Information provided
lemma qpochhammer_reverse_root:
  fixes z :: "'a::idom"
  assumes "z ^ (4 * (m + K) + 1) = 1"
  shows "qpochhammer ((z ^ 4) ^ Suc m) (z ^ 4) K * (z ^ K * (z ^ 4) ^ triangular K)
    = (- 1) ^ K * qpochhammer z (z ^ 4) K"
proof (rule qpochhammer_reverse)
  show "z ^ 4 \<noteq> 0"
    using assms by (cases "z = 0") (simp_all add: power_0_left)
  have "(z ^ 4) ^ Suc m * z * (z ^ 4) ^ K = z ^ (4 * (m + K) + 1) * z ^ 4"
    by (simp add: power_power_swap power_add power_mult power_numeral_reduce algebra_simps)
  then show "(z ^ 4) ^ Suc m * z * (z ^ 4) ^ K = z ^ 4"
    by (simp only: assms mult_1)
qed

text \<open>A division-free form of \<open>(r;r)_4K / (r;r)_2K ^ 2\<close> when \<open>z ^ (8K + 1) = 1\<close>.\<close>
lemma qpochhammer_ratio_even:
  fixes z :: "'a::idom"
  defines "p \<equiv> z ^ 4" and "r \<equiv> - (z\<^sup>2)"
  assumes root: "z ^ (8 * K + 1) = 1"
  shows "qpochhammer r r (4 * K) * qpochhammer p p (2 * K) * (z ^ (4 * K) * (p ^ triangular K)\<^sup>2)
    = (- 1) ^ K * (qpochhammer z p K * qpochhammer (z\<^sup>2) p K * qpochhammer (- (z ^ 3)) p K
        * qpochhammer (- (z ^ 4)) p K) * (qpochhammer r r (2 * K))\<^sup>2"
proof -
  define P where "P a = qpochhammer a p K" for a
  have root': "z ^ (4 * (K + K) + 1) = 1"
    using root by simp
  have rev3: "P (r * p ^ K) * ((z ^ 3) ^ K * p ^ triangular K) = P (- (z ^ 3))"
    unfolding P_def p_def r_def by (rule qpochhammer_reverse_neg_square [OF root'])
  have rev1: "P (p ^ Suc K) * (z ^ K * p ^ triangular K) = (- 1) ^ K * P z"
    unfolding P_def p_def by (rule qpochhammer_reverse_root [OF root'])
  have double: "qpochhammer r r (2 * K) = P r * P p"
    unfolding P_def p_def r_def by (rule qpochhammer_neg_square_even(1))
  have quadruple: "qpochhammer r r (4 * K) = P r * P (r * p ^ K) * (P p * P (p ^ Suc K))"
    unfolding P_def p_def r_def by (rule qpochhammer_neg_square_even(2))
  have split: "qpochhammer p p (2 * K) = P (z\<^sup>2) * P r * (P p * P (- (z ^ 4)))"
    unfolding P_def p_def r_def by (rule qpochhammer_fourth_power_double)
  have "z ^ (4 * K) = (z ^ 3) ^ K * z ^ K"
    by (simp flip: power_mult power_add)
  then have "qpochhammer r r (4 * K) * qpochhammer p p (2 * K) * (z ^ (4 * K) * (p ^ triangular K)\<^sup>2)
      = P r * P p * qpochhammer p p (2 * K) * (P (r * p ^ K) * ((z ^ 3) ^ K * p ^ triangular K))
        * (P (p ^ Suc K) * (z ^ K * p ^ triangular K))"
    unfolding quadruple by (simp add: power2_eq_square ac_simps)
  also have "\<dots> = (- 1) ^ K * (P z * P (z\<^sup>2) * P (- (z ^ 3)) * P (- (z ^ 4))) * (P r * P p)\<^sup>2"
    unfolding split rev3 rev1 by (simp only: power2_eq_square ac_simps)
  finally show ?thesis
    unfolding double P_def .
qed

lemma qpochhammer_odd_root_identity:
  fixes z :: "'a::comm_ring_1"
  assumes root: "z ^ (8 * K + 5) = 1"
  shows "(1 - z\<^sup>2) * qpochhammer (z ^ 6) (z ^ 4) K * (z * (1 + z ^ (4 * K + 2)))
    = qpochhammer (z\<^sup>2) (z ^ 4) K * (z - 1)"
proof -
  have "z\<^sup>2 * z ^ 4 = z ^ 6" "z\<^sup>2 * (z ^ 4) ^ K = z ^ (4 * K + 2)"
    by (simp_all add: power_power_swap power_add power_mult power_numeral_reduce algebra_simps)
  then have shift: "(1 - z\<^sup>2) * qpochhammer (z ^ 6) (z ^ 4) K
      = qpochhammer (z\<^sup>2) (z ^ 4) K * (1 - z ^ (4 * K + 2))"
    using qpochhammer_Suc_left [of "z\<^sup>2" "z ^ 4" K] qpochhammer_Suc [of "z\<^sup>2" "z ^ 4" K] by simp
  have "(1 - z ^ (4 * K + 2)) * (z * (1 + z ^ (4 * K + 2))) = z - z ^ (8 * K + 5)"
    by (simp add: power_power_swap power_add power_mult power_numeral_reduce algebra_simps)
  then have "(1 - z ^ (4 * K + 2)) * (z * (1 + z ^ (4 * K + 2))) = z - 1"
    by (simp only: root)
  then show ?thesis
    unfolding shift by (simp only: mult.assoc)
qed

* * *

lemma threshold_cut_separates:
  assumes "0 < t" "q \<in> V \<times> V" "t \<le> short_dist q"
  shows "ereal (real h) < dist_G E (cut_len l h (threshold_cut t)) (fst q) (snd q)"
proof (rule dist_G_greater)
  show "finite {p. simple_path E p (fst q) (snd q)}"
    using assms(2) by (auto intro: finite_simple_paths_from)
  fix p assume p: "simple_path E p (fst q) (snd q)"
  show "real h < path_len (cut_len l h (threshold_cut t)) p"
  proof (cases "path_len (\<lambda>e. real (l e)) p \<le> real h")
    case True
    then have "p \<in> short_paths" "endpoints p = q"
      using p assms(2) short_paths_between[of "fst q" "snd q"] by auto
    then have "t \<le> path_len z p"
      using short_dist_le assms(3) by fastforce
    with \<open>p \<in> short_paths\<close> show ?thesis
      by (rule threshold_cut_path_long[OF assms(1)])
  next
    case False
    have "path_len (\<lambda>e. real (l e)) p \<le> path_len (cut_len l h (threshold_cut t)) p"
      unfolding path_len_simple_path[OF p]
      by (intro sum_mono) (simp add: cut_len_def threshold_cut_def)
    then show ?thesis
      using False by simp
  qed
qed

---

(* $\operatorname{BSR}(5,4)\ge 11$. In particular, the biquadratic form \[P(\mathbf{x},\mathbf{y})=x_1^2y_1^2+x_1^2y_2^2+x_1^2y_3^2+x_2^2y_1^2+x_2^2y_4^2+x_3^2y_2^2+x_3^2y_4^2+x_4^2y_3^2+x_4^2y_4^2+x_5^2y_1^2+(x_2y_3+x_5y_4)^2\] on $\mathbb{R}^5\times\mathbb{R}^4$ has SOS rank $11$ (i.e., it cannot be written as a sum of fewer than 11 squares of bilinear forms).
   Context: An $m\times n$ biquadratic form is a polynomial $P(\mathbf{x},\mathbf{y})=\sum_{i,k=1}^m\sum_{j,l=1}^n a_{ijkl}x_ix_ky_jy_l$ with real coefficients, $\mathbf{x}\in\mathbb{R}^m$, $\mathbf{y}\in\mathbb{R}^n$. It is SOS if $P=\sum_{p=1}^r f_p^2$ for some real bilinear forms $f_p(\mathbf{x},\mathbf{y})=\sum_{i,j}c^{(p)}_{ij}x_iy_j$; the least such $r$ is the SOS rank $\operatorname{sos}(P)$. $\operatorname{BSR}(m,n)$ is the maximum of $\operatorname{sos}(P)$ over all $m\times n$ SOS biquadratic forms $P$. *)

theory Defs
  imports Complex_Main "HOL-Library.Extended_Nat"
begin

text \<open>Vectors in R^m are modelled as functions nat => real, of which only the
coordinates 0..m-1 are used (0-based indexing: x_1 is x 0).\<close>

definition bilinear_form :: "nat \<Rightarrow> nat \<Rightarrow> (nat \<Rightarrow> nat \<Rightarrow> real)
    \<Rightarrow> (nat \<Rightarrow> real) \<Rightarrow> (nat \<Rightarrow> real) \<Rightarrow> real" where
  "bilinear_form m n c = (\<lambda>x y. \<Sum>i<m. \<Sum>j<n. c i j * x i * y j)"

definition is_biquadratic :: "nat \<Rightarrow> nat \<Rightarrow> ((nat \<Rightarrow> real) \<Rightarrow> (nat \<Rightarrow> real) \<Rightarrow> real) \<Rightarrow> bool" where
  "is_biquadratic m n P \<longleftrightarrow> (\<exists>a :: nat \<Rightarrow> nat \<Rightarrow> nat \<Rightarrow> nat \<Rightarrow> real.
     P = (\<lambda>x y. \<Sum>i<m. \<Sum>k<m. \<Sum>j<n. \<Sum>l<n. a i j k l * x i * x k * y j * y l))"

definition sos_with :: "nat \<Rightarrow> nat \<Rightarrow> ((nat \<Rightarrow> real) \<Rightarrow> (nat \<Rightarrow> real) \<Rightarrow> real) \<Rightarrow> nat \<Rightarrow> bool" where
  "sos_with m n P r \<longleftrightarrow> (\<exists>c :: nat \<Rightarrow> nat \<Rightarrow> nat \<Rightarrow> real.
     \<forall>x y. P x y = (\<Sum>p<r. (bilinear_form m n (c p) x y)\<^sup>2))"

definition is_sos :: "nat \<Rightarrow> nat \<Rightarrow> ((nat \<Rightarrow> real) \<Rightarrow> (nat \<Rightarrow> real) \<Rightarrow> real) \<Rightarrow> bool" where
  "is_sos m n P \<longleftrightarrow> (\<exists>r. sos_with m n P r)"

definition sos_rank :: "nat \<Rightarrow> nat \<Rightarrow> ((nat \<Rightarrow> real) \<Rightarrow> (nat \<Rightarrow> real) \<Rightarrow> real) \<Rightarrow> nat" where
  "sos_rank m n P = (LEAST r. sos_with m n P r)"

Problem details
Output, from the data above, the lines from the line with "qpochhammer (- (z ^ 3)) p K" to the line with "unfolding quadruple by" exactly as they stand, both ends included and nothing else.

Task solution
    = (- 1) ^ K * (qpochhammer z p K * qpochhammer (z\<^sup>2) p K * qpochhammer (- (z ^ 3)) p K
        * qpochhammer (- (z ^ 4)) p K) * (qpochhammer r r (2 * K))\<^sup>2"
proof -
  define P where "P a = qpochhammer a p K" for a
  have root': "z ^ (4 * (K + K) + 1) = 1"
    using root by simp
  have rev3: "P (r * p ^ K) * ((z ^ 3) ^ K * p ^ triangular K) = P (- (z ^ 3))"
    unfolding P_def p_def r_def by (rule qpochhammer_reverse_neg_square [OF root'])
  have rev1: "P (p ^ Suc K) * (z ^ K * p ^ triangular K) = (- 1) ^ K * P z"
    unfolding P_def p_def by (rule qpochhammer_reverse_root [OF root'])
  have double: "qpochhammer r r (2 * K) = P r * P p"
    unfolding P_def p_def r_def by (rule qpochhammer_neg_square_even(1))
  have quadruple: "qpochhammer r r (4 * K) = P r * P (r * p ^ K) * (P p * P (p ^ Suc K))"
    unfolding P_def p_def r_def by (rule qpochhammer_neg_square_even(2))
  have split: "qpochhammer p p (2 * K) = P (z\<^sup>2) * P r * (P p * P (- (z ^ 4)))"
    unfolding P_def p_def r_def by (rule qpochhammer_fourth_power_double)
  have "z ^ (4 * K) = (z ^ 3) ^ K * z ^ K"
    by (simp flip: power_mult power_add)
  then have "qpochhammer r r (4 * K) * qpochhammer p p (2 * K) * (z ^ (4 * K) * (p ^ triangular K)\<^sup>2)
      = P r * P p * qpochhammer p p (2 * K) * (P (r * p ^ K) * ((z ^ 3) ^ K * p ^ triangular K))
        * (P (p ^ Suc K) * (z ^ K * p ^ triangular K))"
    unfolding quadruple by (simp add: power2_eq_square ac_simps)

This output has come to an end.